Well, I did it. I dropped $600 on a new film scanner. It’s a Plustek 8300i. The last film scanner I bought was my Minolta Dimage Scan III and I bought that one back in 2008. If that one were still working properly I wouldn’t have bought a new one but nothing lasts forever.

I first noticed my Minolta film scanner not working correctly earlier in the year. The scanner has a motor in it that moves the film holder. First you place the film in the film holder, then you place the film holder in the scanner, and then the scanner moves the film in place to scan a negative. If there are four negatives on the strip then the scanner moves the film holder to scan each negative in succession.

The problem I started having was the scanner no longer moved the negative holder correctly. It would scan the first negative perfectly, scan the second one a little off center, scan the third one even more off center, and by the time it came to the fourth negative on the strip it would only scan about half of it. A scan of a negative without the whole image in it is useless.

I had no idea if this was a hardware or software problem so I decided to download an older version of the scanner software I use (Vuescan). I installed the older version and it still did the same thing. The I decided to see if there was dust or dirt inside the scanner that was messing things up so I took a lot of screws out and looked inside. Everything looked dust free and everything seemed to be in place. Nothing loose or broken that I could see. So I put it back together and it still did the same thing. The scans were off.
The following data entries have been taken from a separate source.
(* Let $H$ be a real Hilbert space, $C\subseteq H$ nonempty, closed and convex, and $F:H\to H$ an operator such that (A1) $S_D\neq\emptyset$; (A2) $F$ is quasimonotone; (A3) $F$ is uniformly continuous on $H$. Let $\{z_n\},\{w_n\},\{\lambda_n\}$ be the sequences generated by Algorithm 3.1 (with $\epsilon=0$), assume $z_n\neq w_n$ for all $n$, and assume $\lambda_n\to0$ as $n\to\infty$. Let $I:=\{n\in\mathbb{N}:\lambda_{n+1}<\lambda_n\}$ and let $\{n_k\}_{k\ge1}$ be an enumeration of all indices in $I$. Then (i) $\lim_{k\to\infty}\frac{\|z_{n_k}-w_{n_k}\|}{\lambda_{n_k}}=0$; (ii) $\lim_{k\to\infty}\frac{\|z_{n_k+1}-z_{n_k}\|}{\lambda_{n_k}}=0$.
   Context: $P_C$ denotes the metric projection onto $C$. $S_D$ is the set of $z\in C$ with $\langle F(v),v-z\rangle\ge0$ for all $v\in C$. $F$ is quasimonotone if $\langle F(w),z-w\rangle>0$ implies $\langle F(z),z-w\rangle\ge0$ for all $w,z\in H$. Algorithm 3.1 (with $\epsilon=0$): fix $\mu\in(0,1)$, a sequence $\{\xi_n\}\subset[0,\infty)$ with $\sum_{n}\xi_n<\infty$, $z_1\in H$ and $\lambda_1>0$. For $n=1,2,\dots$: $w_n=P_C(z_n-\lambda_nF(z_n))$; $z_{n+1}=w_n+\lambda_n(F(z_n)-F(w_n))$; $\lambda_{n+1}=\min\{\frac{\mu\|z_n-w_n\|}{\|F(z_n)-F(w_n)\|},\lambda_n+\xi_n\}$ if $F(z_n)\neq F(w_n)$, and $\lambda_{n+1}=\lambda_n+\xi_n$ otherwise. *)

theory Defs
  imports "HOL-Analysis.Analysis"
begin

text \<open>Metric projection onto C: the (unique, for C nonempty closed convex in a
Hilbert space) point of C nearest to x.\<close>
definition metric_proj :: "'a::real_inner set \<Rightarrow> 'a \<Rightarrow> 'a" where
  "metric_proj C x = (THE y. y \<in> C \<and> (\<forall>z\<in>C. norm (x - y) \<le> norm (x - z)))"

definition SD :: "'a::real_inner set \<Rightarrow> ('a \<Rightarrow> 'a) \<Rightarrow> 'a set" where
  "SD C F = {z \<in> C. \<forall>v\<in>C. inner (F v) (v - z) \<ge> 0}"

definition quasimonotone :: "('a::real_inner \<Rightarrow> 'a) \<Rightarrow> bool" where
  "quasimonotone F \<longleftrightarrow>
     (\<forall>w z. inner (F w) (z - w) > 0 \<longrightarrow> inner (F z) (z - w) \<ge> 0)"

end

theory Submission imports Defs begin

text \<open>At the indices where the step size decreases, the rule gives
  \<open>\<lambda>\<^sub>n\<^sub>+\<^sub>1 \<parallel>F z\<^sub>n - F w\<^sub>n\<parallel> = \<mu> \<parallel>z\<^sub>n - w\<^sub>n\<parallel>\<close>.
  A uniformly continuous map on the whole space grows at most affinely,
  \<open>\<parallel>F x - F y\<parallel> \<le> \<parallel>x - y\<parallel>/\<delta> + 1\<close>, so as \<open>\<lambda>\<^sub>n\<^sub>+\<^sub>1 \<rightarrow> 0\<close> the balance forces
  \<open>\<parallel>z\<^sub>n - w\<^sub>n\<parallel> \<le> 2\<lambda>\<^sub>n\<^sub>+\<^sub>1/\<mu> \<rightarrow> 0\<close>, hence \<open>\<parallel>F z\<^sub>n - F w\<^sub>n\<parallel> \<rightarrow> 0\<close> by uniform continuity.
  Then \<open>\<parallel>z\<^sub>n - w\<^sub>n\<parallel>/\<lambda>\<^sub>n \<le> \<parallel>z\<^sub>n - w\<^sub>n\<parallel>/\<lambda>\<^sub>n\<^sub>+\<^sub>1 = \<parallel>F z\<^sub>n - F w\<^sub>n\<parallel>/\<mu> \<rightarrow> 0\<close>, and
  \<open>\<parallel>z\<^sub>n\<^sub>+\<^sub>1 - z\<^sub>n\<parallel>/\<lambda>\<^sub>n \<le> \<parallel>z\<^sub>n - w\<^sub>n\<parallel>/\<lambda>\<^sub>n + \<parallel>F z\<^sub>n - F w\<^sub>n\<parallel> \<rightarrow> 0\<close>.\<close>

lemma norm_diff_le_of_small_increments:
  fixes F :: "'a::real_normed_vector \<Rightarrow> 'b::real_normed_vector"
  assumes step: "\<And>x y. norm (x - y) < d \<Longrightarrow> norm (F x - F y) < 1"
    and "norm (x - y) < real m * d"
  shows "norm (F x - F y) \<le> real m"
  using assms(2)
proof (induction m arbitrary: x)
  case 0
  then show ?case by simp
next
  case (Suc m)
  define x' where "x' = x - (1 / real (Suc m)) *\<^sub>R (x - y)"
  have "x' - y = (real m / real (Suc m)) *\<^sub>R (x - y)"
  proof -
    have "x' - y = (x - y) - (1 / real (Suc m)) *\<^sub>R (x - y)"
      by (simp add: x'_def)
    also have "\<dots> = (1 - 1 / real (Suc m)) *\<^sub>R (x - y)"
      by (simp add: scaleR_left_diff_distrib)
    finally show ?thesis
      by (simp add: field_simps)
  qed
  then have "norm (x' - y) = real m / real (Suc m) * norm (x - y)"
    by simp
  have far: "norm (F x' - F y) \<le> real m"
  proof (cases "m = 0")
    case True
    then show ?thesis
      by (simp add: x'_def)
  next
    case False
    have "real m / real (Suc m) * norm (x - y) < real m / real (Suc m) * (real (Suc m) * d)"
      using Suc.prems False by (intro mult_strict_left_mono) auto
    then show ?thesis
      using Suc.IH[of x'] \<open>norm (x' - y) = _\<close> by simp
  qed
  have "norm (x - x') = norm (x - y) / real (Suc m)"
    by (simp add: x'_def)
  also have "\<dots> < d"
    using Suc.prems by (simp add: divide_less_eq mult.commute)
  finally have near: "norm (F x - F x') < 1"
    by (rule step)
  have "norm (F x - F y) \<le> norm (F x - F x') + norm (F x' - F y)"
    using norm_triangle_ineq[of "F x - F x'" "F x' - F y"] by simp
  then show ?case
    using far near by simp
qed

lemma uniformly_continuous_on_UNIV_affine_bound:
  fixes F :: "'a::real_normed_vector \<Rightarrow> 'b::real_normed_vector"
  assumes "uniformly_continuous_on UNIV F"
  obtains d where "d > 0" "\<And>x y. norm (F x - F y) \<le> norm (x - y) / d + 1"
proof -
  obtain d where d: "d > 0" and step: "\<And>x y. norm (x - y) < d \<Longrightarrow> norm (F x - F y) < 1"
    using assms unfolding uniformly_continuous_on_def dist_norm
    by (metis UNIV_I zero_less_one)
  show thesis
  proof (rule that[OF d])
    fix x y :: 'a
    define m where "m = nat \<lfloor>norm (x - y) / d\<rfloor> + 1"
    have "norm (x - y) / d < real m" and m_le: "real m \<le> norm (x - y) / d + 1"
      using d by (simp_all add: m_def) linarith
    then have "norm (x - y) < real m * d"
      using d by (simp add: divide_less_eq)
    with step have "norm (F x - F y) \<le> real m"
      by (rule norm_diff_le_of_small_increments)
    with m_le show "norm (F x - F y) \<le> norm (x - y) / d + 1"
      by linarith
  qed
qed

lemma filterlim_at_top_if_inj_on_atLeast:
  fixes nk :: "nat \<Rightarrow> nat"
  assumes "inj_on nk {m..}"
  shows "filterlim nk at_top sequentially"
  unfolding filterlim_at_top
proof
  fix N
  have "{k. \<not> N \<le> nk k} \<subseteq> (nk -` {..<N} \<inter> {m..}) \<union> {..<m}"
    by auto
  moreover have "finite (nk -` {..<N} \<inter> {m..})"
    using assms by (intro finite_vimage_IntI) auto
  ultimately show "\<forall>\<^sub>F k in sequentially. N \<le> nk k"
    unfolding cofinite_eq_sequentially[symmetric] eventually_cofinite
    by (meson finite_Un finite_lessThan finite_subset)
qed

lemma tendsto_zero_norm_diff_if_balanced:
  fixes F :: "'a::real_normed_vector \<Rightarrow> 'b::real_normed_vector"
  assumes F: "uniformly_continuous_on UNIV F" and mu: "mu > 0" and s: "s \<longlonglongrightarrow> 0"
    and balance: "\<forall>\<^sub>F k in sequentially.
      s k > 0 \<and> s k * norm (F (x k) - F (y k)) = mu * norm (x k - y k)"
  shows "(\<lambda>k. norm (x k - y k)) \<longlonglongrightarrow> 0"
proof -
  obtain d where d: "d > 0" and growth: "\<And>x y. norm (F x - F y) \<le> norm (x - y) / d + 1"
    using uniformly_continuous_on_UNIV_affine_bound[OF F] by blast
  have "\<forall>\<^sub>F k in sequentially. s k < mu * d / 2"
    using s mu d by (intro order_tendstoD) auto
  with balance have "\<forall>\<^sub>F k in sequentially. norm (norm (x k - y k)) \<le> 2 / mu * s k"
  proof eventually_elim
    case (elim k)
    define a where "a = norm (x k - y k)"
    have "mu * a = s k * norm (F (x k) - F (y k))"
      using elim by (simp add: a_def)
    also have "\<dots> \<le> s k * (a / d + 1)"
      using elim growth by (intro mult_left_mono) (simp_all add: a_def)
    also have "\<dots> = s k / d * a + s k"
      by (simp add: field_simps)
    also have "\<dots> \<le> mu / 2 * a + s k"
      using elim d by (intro add_right_mono mult_right_mono) (simp_all add: a_def field_simps)
    finally show ?case
      using mu by (simp add: a_def field_simps)
  qed
  moreover have "(\<lambda>k. 2 / mu * s k) \<longlonglongrightarrow> 0"
    using tendsto_mult_right_zero[OF s] .
  ultimately show ?thesis
    by (rule Lim_null_comparison)
qed

locale adaptive_stepsize =
  fixes F :: "'a::real_normed_vector \<Rightarrow> 'a"
    and mu :: real and xi :: "nat \<Rightarrow> real"
    and z w :: "nat \<Rightarrow> 'a" and lam :: "nat \<Rightarrow> real"
  assumes mu_pos: "0 < mu"
    and xi_nonneg: "\<And>n. xi n \<ge> 0"
    and lam_1_pos: "lam 1 > 0"
    and z_Suc: "\<And>n. n \<ge> 1 \<Longrightarrow> z (Suc n) = w n + lam n *\<^sub>R (F (z n) - F (w n))"
    and lam_Suc: "\<And>n. n \<ge> 1 \<Longrightarrow> lam (Suc n) =
        (if F (z n) \<noteq> F (w n)
         then min (mu * norm (z n - w n) / norm (F (z n) - F (w n))) (lam n + xi n)
         else lam n + xi n)"
    and z_ne_w: "\<And>n. n \<ge> 1 \<Longrightarrow> z n \<noteq> w n"
begin

lemma lam_pos: "n \<ge> 1 \<Longrightarrow> lam n > 0"
proof (induction n rule: dec_induct)
  case base
  then show ?case
    using lam_1_pos by simp
next
  case (step n)
  have "mu * norm (z n - w n) / norm (F (z n) - F (w n)) > 0" if "F (z n) \<noteq> F (w n)"
    using that mu_pos z_ne_w[OF step.hyps(1)] by simp
  moreover have "lam n + xi n > 0"
    using step.IH xi_nonneg[of n] by linarith
  ultimately show ?case
    using lam_Suc[OF step.hyps(1)] by simp
qed

lemma lam_Suc_balance:
  assumes "n \<ge> 1" and "lam (Suc n) < lam n"
  shows "lam (Suc n) * norm (F (z n) - F (w n)) = mu * norm (z n - w n)"
proof -
  have "lam (Suc n) < lam n + xi n"
    using assms(2) xi_nonneg[of n] by linarith
  then have "F (z n) \<noteq> F (w n) \<and> lam (Suc n) = mu * norm (z n - w n) / norm (F (z n) - F (w n))"
    using lam_Suc[OF assms(1)] by (auto simp: min_def split: if_splits)
  then show ?thesis
    by simp
qed

lemma norm_z_Suc_diff_le:
  assumes "n \<ge> 1"
  shows "norm (z (Suc n) - z n) \<le> norm (z n - w n) + lam n * norm (F (z n) - F (w n))"
proof -
  have "z (Suc n) - z n = (w n - z n) + lam n *\<^sub>R (F (z n) - F (w n))"
    using z_Suc[OF assms] by (simp add: algebra_simps)
  then have "norm (z (Suc n) - z n) \<le> norm (w n - z n) + norm (lam n *\<^sub>R (F (z n) - F (w n)))"
    by (metis norm_triangle_ineq)
  then show ?thesis
    using lam_pos[OF assms] by (simp add: norm_minus_commute)
qed

lemma norm_F_diff_tendsto_zero_along_decreases:
  assumes F: "uniformly_continuous_on UNIV F" and lam: "lam \<longlonglongrightarrow> 0"
    and nk: "filterlim nk at_top sequentially"
    and decrease: "\<forall>\<^sub>F k in sequentially. nk k \<ge> 1 \<and> lam (Suc (nk k)) < lam (nk k)"
  shows "(\<lambda>k. norm (F (z (nk k)) - F (w (nk k)))) \<longlonglongrightarrow> 0"
proof -
  have "(\<lambda>k. lam (Suc (nk k))) \<longlonglongrightarrow> 0"
    using filterlim_compose[OF LIMSEQ_Suc[OF lam] nk] .
  moreover have "\<forall>\<^sub>F k in sequentially. lam (Suc (nk k)) > 0 \<and>
      lam (Suc (nk k)) * norm (F (z (nk k)) - F (w (nk k))) = mu * norm (z (nk k) - w (nk k))"
    using decrease by eventually_elim (simp add: lam_pos lam_Suc_balance)
  ultimately have "(\<lambda>k. norm (z (nk k) - w (nk k))) \<longlonglongrightarrow> 0"
    by (rule tendsto_zero_norm_diff_if_balanced[OF F mu_pos])
  then show ?thesis
    using uniformly_continuous_on_sequentially[THEN iffD1, OF F, rule_format,
        of "\<lambda>k. z (nk k)" "\<lambda>k. w (nk k)"]
    by (simp add: dist_norm)
qed

lemma tendsto_zero_along_decreases:
  assumes F: "uniformly_continuous_on UNIV F" and lam: "lam \<longlonglongrightarrow> 0"
    and nk: "filterlim nk at_top sequentially"
    and decrease: "\<forall>\<^sub>F k in sequentially. nk k \<ge> 1 \<and> lam (Suc (nk k)) < lam (nk k)"
  shows "(\<lambda>k. norm (z (nk k) - w (nk k)) / lam (nk k)) \<longlonglongrightarrow> 0"
    and "(\<lambda>k. norm (z (Suc (nk k)) - z (nk k)) / lam (nk k)) \<longlonglongrightarrow> 0"
proof -
  define a where "a k = norm (z (nk k) - w (nk k))" for k
  define D where "D k = norm (F (z (nk k)) - F (w (nk k)))" for k
  have D: "D \<longlonglongrightarrow> 0"
    using norm_F_diff_tendsto_zero_along_decreases[OF assms] by (simp add: D_def[abs_def])
  have "\<forall>\<^sub>F k in sequentially. norm (a k / lam (nk k)) \<le> D k / mu"
    using decrease
  proof eventually_elim
    case (elim k)
    then have "norm (a k / lam (nk k)) = a k / lam (nk k)"
      using lam_pos[of "nk k"] by (simp add: a_def)
    also have "\<dots> \<le> a k / lam (Suc (nk k))"
      using elim lam_pos[of "Suc (nk k)"] by (intro divide_left_mono) (simp_all add: a_def)
    also have "\<dots> = D k / mu"
      using elim lam_pos[of "Suc (nk k)"] lam_Suc_balance[of "nk k"] mu_pos
      by (simp add: a_def D_def field_simps)
    finally show ?case .
  qed
  then show ratio: "(\<lambda>k. a k / lam (nk k)) \<longlonglongrightarrow> 0"
    using tendsto_divide_zero[OF D] by (rule Lim_null_comparison)
  have "\<forall>\<^sub>F k in sequentially.
      norm (norm (z (Suc (nk k)) - z (nk k)) / lam (nk k)) \<le> a k / lam (nk k) + D k"
    using decrease
  proof eventually_elim
    case (elim k)
    then have "norm (z (Suc (nk k)) - z (nk k)) \<le> a k + lam (nk k) * D k"
      unfolding a_def D_def by (intro norm_z_Suc_diff_le) simp
    then show ?case
      using lam_pos[of "nk k"] elim by (simp add: field_simps)
  qed
  then show "(\<lambda>k. norm (z (Suc (nk k)) - z (nk k)) / lam (nk k)) \<longlonglongrightarrow> 0"
    using tendsto_add_zero[OF ratio D] by (rule Lim_null_comparison)
qed

end

theorem lemma4p3:
  fixes C :: "'a::{real_inner,complete_space} set"
    and F :: "'a \<Rightarrow> 'a"
    and mu :: real and xi :: "nat \<Rightarrow> real"
    and z w :: "nat \<Rightarrow> 'a" and lam :: "nat \<Rightarrow> real"
    and nk :: "nat \<Rightarrow> nat"
  assumes C: "C \<noteq> {}" "closed C" "convex C"
    and A1: "SD C F \<noteq> {}"
    and A2: "quasimonotone F"
    and A3: "uniformly_continuous_on UNIV F"
    and mu: "0 < mu" "mu < 1"
    and xi: "\<And>n. xi n \<ge> 0" "summable xi"
    and lam1: "lam 1 > 0"
    and w_def: "\<And>n. n \<ge> 1 \<Longrightarrow> w n = metric_proj C (z n - lam n *\<^sub>R F (z n))"
    and z_def: "\<And>n. n \<ge> 1 \<Longrightarrow> z (Suc n) = w n + lam n *\<^sub>R (F (z n) - F (w n))"
    and lam_def: "\<And>n. n \<ge> 1 \<Longrightarrow> lam (Suc n) =
        (if F (z n) \<noteq> F (w n)
         then min (mu * norm (z n - w n) / norm (F (z n) - F (w n))) (lam n + xi n)
         else lam n + xi n)"
    and zw: "\<And>n. n \<ge> 1 \<Longrightarrow> z n \<noteq> w n"
    and lam_lim: "lam \<longlonglongrightarrow> 0"
    and enum: "bij_betw nk {1..} {n. n \<ge> 1 \<and> lam (Suc n) < lam n}"
  shows "(\<lambda>k. norm (z (nk k) - w (nk k)) / lam (nk k)) \<longlonglongrightarrow> 0 \<and>
         (\<lambda>k. norm (z (Suc (nk k)) - z (nk k)) / lam (nk k)) \<longlonglongrightarrow> 0"
proof -
  interpret adaptive_stepsize F mu xi z w lam
    using mu xi(1) lam1 z_def lam_def zw by unfold_locales auto
  have decrease: "\<forall>\<^sub>F k in sequentially. nk k \<ge> 1 \<and> lam (Suc (nk k)) < lam (nk k)"
    using enum unfolding eventually_sequentially bij_betw_def by (intro exI[of _ 1]) auto
  have nk: "filterlim nk at_top sequentially"
    using enum by (intro filterlim_at_top_if_inj_on_atLeast[of _ 1]) (simp add: bij_betw_def)
  show ?thesis
    using tendsto_zero_along_decreases[OF A3 lam_lim nk decrease] by (rule conjI)
qed

end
I don’t use that dedicated slide and film scanner a ton so I decided to just ignore the problem for months. I scanned a slide or three on it and it was a struggle. This Friday I finally decided to spend the money on a new one. $600 is no small amount of money to me so it took me a while to come to the decision.

The new scanner is a Plustek 8300i. It’s the latest in their line of dedicated film scanners. I was also thinking about getting an old Nikon film scanner. A lot of people say that they were the best film scanners ever made but Nikon got out of the film scanning business about a decade ago. I would have to buy a used one and they go for about $600. In the end I didn’t want to spend that much money on a scanner that was at least ten years old if not older. If it was a hundred dollars I’d give it a shot but not for $600.

I got the scanner yesterday and it was easy to hook up. There is just a USB cord and a power cord. It also comes with basic Plustek scanning software and advanced scanning software called SilverFast. I was aware of SilverFast since it’s been around for a long time but I haven’t used it a lot.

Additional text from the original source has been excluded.